= What you have to do =
Scan the records for the word "that". Report each line where it occurs.

Collected data entries
>>
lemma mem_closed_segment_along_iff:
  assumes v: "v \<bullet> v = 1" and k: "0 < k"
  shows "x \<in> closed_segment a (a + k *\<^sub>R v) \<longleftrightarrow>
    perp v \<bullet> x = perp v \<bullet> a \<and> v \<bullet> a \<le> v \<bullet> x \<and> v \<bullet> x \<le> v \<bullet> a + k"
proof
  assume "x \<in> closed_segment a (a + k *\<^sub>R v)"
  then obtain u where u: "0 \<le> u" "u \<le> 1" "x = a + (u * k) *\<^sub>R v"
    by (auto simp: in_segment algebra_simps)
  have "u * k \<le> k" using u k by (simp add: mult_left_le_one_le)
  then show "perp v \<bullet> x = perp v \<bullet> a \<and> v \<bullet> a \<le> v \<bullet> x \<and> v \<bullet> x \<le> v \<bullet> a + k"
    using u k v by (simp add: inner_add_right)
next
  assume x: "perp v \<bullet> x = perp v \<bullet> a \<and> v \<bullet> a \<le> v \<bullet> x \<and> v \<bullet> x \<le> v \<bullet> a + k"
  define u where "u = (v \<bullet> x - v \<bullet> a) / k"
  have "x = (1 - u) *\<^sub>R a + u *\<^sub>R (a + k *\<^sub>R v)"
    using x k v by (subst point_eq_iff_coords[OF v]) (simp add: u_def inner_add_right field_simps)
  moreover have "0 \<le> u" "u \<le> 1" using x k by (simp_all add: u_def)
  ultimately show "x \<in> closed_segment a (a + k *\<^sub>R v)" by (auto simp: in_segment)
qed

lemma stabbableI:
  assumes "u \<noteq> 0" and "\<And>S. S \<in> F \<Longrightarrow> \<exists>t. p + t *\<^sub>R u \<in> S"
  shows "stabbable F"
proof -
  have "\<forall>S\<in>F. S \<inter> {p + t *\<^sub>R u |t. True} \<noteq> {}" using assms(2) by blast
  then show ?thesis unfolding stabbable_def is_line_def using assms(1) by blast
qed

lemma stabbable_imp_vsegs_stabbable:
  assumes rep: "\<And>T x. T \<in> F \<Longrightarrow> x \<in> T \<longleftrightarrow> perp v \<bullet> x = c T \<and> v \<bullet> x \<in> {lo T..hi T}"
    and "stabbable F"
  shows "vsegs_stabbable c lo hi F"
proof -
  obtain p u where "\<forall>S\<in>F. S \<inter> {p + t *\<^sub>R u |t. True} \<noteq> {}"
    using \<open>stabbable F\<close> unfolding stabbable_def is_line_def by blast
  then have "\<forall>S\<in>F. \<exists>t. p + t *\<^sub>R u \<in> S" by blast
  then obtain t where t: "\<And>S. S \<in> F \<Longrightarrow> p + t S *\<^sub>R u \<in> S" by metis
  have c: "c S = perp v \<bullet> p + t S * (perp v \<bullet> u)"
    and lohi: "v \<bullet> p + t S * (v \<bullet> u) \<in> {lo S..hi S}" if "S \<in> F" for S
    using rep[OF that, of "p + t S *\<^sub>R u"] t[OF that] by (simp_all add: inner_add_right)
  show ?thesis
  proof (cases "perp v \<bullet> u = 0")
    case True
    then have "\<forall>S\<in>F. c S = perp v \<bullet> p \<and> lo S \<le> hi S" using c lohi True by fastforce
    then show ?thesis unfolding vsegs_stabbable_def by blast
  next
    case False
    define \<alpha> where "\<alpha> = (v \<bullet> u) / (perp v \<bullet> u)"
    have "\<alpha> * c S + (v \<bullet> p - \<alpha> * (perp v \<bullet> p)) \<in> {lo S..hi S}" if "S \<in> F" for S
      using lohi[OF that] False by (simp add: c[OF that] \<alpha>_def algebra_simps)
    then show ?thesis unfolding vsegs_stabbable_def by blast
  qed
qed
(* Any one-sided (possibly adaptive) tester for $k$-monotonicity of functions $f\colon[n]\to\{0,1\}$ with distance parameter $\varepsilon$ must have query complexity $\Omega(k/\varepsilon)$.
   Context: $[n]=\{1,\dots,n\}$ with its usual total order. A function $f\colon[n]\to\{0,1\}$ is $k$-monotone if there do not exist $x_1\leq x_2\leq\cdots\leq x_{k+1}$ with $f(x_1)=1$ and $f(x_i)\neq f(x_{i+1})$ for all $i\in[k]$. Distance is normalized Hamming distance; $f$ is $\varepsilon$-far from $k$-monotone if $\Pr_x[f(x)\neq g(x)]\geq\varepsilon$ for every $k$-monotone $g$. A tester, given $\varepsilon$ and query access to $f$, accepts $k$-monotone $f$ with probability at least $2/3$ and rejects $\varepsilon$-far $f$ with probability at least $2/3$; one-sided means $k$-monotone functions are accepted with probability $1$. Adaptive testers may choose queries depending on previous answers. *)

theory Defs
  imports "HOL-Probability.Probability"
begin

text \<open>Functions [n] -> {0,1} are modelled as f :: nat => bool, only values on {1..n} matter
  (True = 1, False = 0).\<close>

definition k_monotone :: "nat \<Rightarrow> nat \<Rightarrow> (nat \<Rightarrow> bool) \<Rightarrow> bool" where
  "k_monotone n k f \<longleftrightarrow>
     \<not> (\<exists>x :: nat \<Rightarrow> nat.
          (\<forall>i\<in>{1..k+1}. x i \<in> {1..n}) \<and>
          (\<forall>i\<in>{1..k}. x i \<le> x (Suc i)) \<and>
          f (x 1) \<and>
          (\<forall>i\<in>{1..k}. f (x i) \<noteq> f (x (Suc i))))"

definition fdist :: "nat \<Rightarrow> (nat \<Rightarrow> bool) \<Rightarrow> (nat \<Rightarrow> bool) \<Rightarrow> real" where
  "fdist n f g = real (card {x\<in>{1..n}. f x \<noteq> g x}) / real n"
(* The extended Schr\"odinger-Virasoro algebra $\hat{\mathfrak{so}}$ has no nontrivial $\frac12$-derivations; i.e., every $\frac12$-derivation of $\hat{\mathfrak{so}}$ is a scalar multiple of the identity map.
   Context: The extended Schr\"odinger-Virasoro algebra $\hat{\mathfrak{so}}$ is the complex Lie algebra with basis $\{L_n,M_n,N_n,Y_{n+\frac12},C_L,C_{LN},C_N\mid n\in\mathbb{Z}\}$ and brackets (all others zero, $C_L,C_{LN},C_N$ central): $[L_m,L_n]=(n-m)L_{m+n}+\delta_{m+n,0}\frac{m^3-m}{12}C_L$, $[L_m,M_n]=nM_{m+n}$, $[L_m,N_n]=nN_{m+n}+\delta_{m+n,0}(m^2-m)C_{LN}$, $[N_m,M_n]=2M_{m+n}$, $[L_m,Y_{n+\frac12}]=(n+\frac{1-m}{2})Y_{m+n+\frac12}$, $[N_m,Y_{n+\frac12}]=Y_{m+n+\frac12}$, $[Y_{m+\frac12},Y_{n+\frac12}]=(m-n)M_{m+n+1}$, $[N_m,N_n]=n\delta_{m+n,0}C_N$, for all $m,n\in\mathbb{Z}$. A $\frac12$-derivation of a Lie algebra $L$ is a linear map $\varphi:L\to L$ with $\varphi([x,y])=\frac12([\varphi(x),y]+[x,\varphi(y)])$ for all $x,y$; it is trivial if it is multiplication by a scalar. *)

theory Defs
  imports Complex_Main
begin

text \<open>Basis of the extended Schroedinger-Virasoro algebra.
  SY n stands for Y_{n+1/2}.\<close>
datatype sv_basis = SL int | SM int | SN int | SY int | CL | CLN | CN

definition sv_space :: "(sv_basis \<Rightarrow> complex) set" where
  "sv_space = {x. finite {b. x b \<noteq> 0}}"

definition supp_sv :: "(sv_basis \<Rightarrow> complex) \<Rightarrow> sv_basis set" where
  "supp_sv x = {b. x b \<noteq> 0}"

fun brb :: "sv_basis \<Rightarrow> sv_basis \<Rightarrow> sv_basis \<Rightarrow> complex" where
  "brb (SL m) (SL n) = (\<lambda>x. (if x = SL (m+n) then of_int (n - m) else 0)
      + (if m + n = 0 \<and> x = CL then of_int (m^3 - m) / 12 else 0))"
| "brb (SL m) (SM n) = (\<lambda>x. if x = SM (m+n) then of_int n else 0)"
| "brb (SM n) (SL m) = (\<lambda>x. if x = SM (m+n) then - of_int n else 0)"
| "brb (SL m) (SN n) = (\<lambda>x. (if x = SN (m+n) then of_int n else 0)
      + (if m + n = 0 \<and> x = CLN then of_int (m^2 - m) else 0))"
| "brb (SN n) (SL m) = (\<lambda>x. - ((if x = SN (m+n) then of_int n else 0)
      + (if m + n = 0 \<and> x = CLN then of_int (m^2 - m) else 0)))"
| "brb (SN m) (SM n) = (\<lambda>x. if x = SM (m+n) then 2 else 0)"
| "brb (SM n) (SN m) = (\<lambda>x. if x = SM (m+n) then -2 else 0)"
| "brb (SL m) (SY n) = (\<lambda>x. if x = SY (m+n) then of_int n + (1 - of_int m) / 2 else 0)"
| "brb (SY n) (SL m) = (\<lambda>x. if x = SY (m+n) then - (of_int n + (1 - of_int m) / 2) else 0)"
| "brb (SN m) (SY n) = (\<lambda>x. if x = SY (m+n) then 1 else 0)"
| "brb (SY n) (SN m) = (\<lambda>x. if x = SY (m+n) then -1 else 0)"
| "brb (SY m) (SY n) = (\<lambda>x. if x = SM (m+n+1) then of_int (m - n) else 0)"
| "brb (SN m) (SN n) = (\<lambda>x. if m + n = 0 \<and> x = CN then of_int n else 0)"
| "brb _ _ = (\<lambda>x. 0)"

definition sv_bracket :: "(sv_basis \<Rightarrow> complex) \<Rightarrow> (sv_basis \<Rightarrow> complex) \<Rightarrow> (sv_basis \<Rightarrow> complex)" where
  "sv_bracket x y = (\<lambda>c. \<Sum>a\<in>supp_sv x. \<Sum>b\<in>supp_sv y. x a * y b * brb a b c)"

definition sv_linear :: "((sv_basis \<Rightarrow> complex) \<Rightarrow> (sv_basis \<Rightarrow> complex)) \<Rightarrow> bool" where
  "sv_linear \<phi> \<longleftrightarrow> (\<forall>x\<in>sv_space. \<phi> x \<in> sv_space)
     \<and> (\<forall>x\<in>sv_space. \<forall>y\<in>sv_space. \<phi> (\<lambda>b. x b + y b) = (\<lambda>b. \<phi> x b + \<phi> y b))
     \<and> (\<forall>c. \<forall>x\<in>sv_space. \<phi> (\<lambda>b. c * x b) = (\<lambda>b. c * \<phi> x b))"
<<
>>
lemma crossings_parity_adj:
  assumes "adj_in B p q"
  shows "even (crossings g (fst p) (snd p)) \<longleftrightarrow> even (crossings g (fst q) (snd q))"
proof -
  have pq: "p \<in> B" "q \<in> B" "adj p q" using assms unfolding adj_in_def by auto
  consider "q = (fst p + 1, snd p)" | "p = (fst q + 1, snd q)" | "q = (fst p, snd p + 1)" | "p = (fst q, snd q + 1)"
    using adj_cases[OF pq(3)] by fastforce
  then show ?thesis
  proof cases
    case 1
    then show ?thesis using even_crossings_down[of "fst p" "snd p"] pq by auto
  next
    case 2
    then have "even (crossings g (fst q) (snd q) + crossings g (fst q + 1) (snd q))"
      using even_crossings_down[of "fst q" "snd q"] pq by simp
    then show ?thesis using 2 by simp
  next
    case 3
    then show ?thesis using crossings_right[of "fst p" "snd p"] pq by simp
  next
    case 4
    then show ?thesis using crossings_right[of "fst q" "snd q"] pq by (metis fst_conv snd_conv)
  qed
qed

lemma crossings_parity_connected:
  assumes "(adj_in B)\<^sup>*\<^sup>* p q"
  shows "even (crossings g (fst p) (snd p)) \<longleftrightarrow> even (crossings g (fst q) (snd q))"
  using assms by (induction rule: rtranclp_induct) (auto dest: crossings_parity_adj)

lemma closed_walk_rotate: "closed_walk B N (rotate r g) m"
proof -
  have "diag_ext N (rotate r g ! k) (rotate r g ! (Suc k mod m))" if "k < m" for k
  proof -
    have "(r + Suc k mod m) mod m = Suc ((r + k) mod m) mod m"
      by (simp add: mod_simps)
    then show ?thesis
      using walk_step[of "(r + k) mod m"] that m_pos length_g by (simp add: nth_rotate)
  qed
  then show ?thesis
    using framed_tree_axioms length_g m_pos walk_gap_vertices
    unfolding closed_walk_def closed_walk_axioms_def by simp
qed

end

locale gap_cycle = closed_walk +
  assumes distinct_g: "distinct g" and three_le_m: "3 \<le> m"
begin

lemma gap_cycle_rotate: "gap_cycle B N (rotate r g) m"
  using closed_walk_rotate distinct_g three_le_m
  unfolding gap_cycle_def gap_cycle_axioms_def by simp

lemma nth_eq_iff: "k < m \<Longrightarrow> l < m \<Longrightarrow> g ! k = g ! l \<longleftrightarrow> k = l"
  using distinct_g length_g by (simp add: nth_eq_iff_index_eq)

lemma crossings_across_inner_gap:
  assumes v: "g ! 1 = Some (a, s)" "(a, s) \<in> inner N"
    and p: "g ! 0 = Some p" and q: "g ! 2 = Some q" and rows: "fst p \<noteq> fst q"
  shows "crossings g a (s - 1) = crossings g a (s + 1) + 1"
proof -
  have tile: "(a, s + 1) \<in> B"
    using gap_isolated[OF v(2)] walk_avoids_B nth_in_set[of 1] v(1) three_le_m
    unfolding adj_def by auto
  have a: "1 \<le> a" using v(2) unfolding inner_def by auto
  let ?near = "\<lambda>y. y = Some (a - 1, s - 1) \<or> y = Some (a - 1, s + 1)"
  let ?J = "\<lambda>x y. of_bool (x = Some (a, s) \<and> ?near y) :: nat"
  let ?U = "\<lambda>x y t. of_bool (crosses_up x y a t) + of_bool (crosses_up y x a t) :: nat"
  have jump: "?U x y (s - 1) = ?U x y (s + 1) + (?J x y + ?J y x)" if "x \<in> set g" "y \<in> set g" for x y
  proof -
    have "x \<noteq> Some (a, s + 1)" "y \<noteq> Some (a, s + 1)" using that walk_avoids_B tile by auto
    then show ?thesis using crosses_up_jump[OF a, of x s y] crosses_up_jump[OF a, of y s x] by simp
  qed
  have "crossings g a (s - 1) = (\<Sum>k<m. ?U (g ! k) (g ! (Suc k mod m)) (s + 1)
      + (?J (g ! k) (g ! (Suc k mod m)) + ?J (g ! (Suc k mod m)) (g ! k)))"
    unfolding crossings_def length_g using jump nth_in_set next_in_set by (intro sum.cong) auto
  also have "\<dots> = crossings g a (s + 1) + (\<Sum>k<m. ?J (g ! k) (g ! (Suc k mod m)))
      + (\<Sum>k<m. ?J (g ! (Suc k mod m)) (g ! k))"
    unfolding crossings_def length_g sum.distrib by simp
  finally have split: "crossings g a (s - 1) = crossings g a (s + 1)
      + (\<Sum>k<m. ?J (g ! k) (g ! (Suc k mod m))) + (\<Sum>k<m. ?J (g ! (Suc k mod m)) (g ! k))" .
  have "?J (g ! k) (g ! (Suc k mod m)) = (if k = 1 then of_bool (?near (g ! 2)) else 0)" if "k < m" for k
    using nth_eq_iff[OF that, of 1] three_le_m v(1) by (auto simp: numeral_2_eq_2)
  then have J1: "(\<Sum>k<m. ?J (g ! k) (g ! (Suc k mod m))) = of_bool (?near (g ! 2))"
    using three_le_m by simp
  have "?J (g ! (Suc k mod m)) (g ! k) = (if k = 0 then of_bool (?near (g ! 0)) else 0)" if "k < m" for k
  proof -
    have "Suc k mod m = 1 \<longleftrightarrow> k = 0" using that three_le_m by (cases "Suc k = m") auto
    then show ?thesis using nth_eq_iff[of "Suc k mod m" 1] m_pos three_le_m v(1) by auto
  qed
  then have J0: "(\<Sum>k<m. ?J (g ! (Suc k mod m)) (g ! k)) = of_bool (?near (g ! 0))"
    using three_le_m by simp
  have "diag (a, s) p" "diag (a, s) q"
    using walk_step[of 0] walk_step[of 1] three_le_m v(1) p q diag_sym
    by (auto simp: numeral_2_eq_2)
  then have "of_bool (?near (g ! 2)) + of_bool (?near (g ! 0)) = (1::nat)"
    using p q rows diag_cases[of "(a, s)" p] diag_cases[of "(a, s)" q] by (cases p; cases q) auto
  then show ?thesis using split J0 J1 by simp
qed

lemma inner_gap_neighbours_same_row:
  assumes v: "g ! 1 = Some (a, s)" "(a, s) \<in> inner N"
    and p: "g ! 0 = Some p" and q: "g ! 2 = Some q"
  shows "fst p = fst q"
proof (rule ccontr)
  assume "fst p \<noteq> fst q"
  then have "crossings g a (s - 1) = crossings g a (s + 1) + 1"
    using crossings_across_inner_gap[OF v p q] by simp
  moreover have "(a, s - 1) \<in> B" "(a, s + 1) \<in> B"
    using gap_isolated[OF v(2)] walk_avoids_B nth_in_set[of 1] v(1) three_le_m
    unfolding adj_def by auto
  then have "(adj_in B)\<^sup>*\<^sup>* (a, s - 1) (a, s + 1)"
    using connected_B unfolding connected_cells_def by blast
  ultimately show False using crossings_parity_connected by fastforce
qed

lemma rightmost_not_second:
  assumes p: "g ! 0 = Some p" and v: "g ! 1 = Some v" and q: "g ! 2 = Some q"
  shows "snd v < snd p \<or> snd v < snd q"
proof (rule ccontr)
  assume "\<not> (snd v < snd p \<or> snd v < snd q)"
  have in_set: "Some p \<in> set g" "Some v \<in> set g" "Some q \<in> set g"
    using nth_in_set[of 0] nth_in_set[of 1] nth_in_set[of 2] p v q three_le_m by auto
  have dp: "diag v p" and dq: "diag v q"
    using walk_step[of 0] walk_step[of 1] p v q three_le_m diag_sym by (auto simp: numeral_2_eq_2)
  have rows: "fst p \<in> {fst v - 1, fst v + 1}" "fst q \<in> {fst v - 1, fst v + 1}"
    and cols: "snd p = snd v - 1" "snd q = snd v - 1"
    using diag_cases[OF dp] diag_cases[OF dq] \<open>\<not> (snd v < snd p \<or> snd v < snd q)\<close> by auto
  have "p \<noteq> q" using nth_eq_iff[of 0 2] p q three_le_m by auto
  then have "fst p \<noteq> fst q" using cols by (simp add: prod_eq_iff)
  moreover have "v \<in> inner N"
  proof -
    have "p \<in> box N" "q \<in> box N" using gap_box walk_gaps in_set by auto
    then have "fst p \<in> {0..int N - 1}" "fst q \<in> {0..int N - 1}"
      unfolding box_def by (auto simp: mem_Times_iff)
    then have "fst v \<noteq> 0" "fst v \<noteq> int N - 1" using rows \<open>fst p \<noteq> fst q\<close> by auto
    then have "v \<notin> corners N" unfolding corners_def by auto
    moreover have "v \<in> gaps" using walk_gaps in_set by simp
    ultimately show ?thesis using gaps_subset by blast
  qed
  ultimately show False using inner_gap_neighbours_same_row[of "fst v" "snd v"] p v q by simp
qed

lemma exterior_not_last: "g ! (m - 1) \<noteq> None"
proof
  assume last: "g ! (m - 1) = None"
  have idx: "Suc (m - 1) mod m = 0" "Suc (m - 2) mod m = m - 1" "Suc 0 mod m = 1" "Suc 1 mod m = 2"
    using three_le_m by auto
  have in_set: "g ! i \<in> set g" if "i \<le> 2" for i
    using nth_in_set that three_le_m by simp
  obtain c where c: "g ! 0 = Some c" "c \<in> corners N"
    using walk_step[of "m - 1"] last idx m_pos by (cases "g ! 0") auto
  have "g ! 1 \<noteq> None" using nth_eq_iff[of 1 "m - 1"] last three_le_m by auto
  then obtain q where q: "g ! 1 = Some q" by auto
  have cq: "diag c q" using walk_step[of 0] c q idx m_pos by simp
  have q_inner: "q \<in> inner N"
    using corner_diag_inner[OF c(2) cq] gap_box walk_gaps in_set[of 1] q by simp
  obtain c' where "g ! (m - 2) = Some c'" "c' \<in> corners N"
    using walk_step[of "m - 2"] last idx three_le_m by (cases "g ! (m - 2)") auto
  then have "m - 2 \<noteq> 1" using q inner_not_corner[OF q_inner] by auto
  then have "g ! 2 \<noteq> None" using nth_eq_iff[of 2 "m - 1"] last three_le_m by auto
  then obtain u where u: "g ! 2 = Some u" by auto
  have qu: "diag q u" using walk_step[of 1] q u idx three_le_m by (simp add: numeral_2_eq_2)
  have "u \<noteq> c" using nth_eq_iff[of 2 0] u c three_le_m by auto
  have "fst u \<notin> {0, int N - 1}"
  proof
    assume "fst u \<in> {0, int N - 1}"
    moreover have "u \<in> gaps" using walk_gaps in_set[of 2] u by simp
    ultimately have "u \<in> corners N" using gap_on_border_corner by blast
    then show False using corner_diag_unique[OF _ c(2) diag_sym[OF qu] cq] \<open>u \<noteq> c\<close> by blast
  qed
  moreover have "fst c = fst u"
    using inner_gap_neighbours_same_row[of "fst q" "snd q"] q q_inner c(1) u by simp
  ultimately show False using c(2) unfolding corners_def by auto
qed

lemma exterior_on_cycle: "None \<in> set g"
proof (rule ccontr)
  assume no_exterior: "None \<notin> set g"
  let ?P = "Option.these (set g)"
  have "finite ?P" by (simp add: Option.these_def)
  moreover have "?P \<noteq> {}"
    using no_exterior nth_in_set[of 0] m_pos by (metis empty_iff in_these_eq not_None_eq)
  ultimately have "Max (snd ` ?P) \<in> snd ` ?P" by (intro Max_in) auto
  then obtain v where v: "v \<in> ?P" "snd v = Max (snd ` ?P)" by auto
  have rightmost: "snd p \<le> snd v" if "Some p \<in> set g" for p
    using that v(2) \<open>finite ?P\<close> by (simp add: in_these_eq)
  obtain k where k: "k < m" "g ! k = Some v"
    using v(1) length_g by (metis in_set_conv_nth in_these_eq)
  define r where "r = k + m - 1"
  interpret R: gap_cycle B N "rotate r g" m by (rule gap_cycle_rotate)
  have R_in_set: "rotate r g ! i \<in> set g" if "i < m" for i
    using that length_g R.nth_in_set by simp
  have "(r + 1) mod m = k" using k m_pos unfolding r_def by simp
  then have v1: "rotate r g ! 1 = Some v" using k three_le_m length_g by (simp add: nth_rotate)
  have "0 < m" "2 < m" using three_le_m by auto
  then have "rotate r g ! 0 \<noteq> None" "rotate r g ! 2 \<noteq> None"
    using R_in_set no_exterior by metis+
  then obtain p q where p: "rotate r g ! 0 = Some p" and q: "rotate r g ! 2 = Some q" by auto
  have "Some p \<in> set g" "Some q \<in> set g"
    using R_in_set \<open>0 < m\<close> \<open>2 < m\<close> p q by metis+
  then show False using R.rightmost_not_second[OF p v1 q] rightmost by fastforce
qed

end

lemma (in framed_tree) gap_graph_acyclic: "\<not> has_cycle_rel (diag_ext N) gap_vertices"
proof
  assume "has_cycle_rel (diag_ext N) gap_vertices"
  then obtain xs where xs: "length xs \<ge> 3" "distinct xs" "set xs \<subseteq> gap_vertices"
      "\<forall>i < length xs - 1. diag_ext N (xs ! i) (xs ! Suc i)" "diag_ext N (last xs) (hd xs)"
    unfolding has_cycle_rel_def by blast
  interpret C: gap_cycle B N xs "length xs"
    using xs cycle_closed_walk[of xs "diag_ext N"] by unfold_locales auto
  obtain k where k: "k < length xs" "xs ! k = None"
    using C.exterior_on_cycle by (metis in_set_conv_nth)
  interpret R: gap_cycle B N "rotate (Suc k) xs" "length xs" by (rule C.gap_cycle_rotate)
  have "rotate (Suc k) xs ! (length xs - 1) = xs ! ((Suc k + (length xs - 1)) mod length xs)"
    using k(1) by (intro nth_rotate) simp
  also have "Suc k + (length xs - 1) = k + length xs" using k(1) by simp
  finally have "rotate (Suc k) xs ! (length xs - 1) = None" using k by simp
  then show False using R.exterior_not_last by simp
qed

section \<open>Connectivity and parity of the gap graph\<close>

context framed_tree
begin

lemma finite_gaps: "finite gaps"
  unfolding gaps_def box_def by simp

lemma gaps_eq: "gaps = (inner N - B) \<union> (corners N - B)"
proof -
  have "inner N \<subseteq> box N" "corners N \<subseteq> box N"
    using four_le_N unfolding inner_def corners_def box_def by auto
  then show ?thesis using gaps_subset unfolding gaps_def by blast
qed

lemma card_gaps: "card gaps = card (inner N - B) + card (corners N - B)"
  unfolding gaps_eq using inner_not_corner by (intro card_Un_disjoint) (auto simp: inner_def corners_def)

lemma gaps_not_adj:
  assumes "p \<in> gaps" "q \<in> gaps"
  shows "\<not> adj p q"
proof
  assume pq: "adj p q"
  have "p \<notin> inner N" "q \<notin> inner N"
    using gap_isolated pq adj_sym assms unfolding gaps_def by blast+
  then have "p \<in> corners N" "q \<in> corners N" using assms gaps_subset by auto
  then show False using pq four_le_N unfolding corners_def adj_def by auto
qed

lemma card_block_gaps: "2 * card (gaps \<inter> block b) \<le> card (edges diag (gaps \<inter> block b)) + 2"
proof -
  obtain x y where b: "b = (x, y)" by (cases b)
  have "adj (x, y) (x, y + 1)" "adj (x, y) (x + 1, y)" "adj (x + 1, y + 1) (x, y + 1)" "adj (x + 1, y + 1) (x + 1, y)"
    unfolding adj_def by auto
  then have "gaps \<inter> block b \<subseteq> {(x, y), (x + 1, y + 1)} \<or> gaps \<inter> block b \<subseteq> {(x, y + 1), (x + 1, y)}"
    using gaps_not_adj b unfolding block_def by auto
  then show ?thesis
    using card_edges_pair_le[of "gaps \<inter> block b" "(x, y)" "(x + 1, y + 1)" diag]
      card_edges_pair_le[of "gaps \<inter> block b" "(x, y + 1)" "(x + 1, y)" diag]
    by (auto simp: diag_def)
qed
<<
= Task result =
    using rep[OF that, of "p + t S *\<^sub>R u"] t[OF that] by (simp_all add: inner_add_right)
      using lohi[OF that] False by (simp add: c[OF that] \<alpha>_def algebra_simps)
      using walk_step[of "(r + k) mod m"] that m_pos length_g by (simp add: nth_rotate)
    have "x \<noteq> Some (a, s + 1)" "y \<noteq> Some (a, s + 1)" using that walk_avoids_B tile by auto
    using nth_eq_iff[OF that, of 1] three_le_m v(1) by (auto simp: numeral_2_eq_2)
    have "Suc k mod m = 1 \<longleftrightarrow> k = 0" using that three_le_m by (cases "Suc k = m") auto
    using nth_in_set that three_le_m by simp
    using that v(2) \<open>finite ?P\<close> by (simp add: in_these_eq)
    using that length_g R.nth_in_set by simp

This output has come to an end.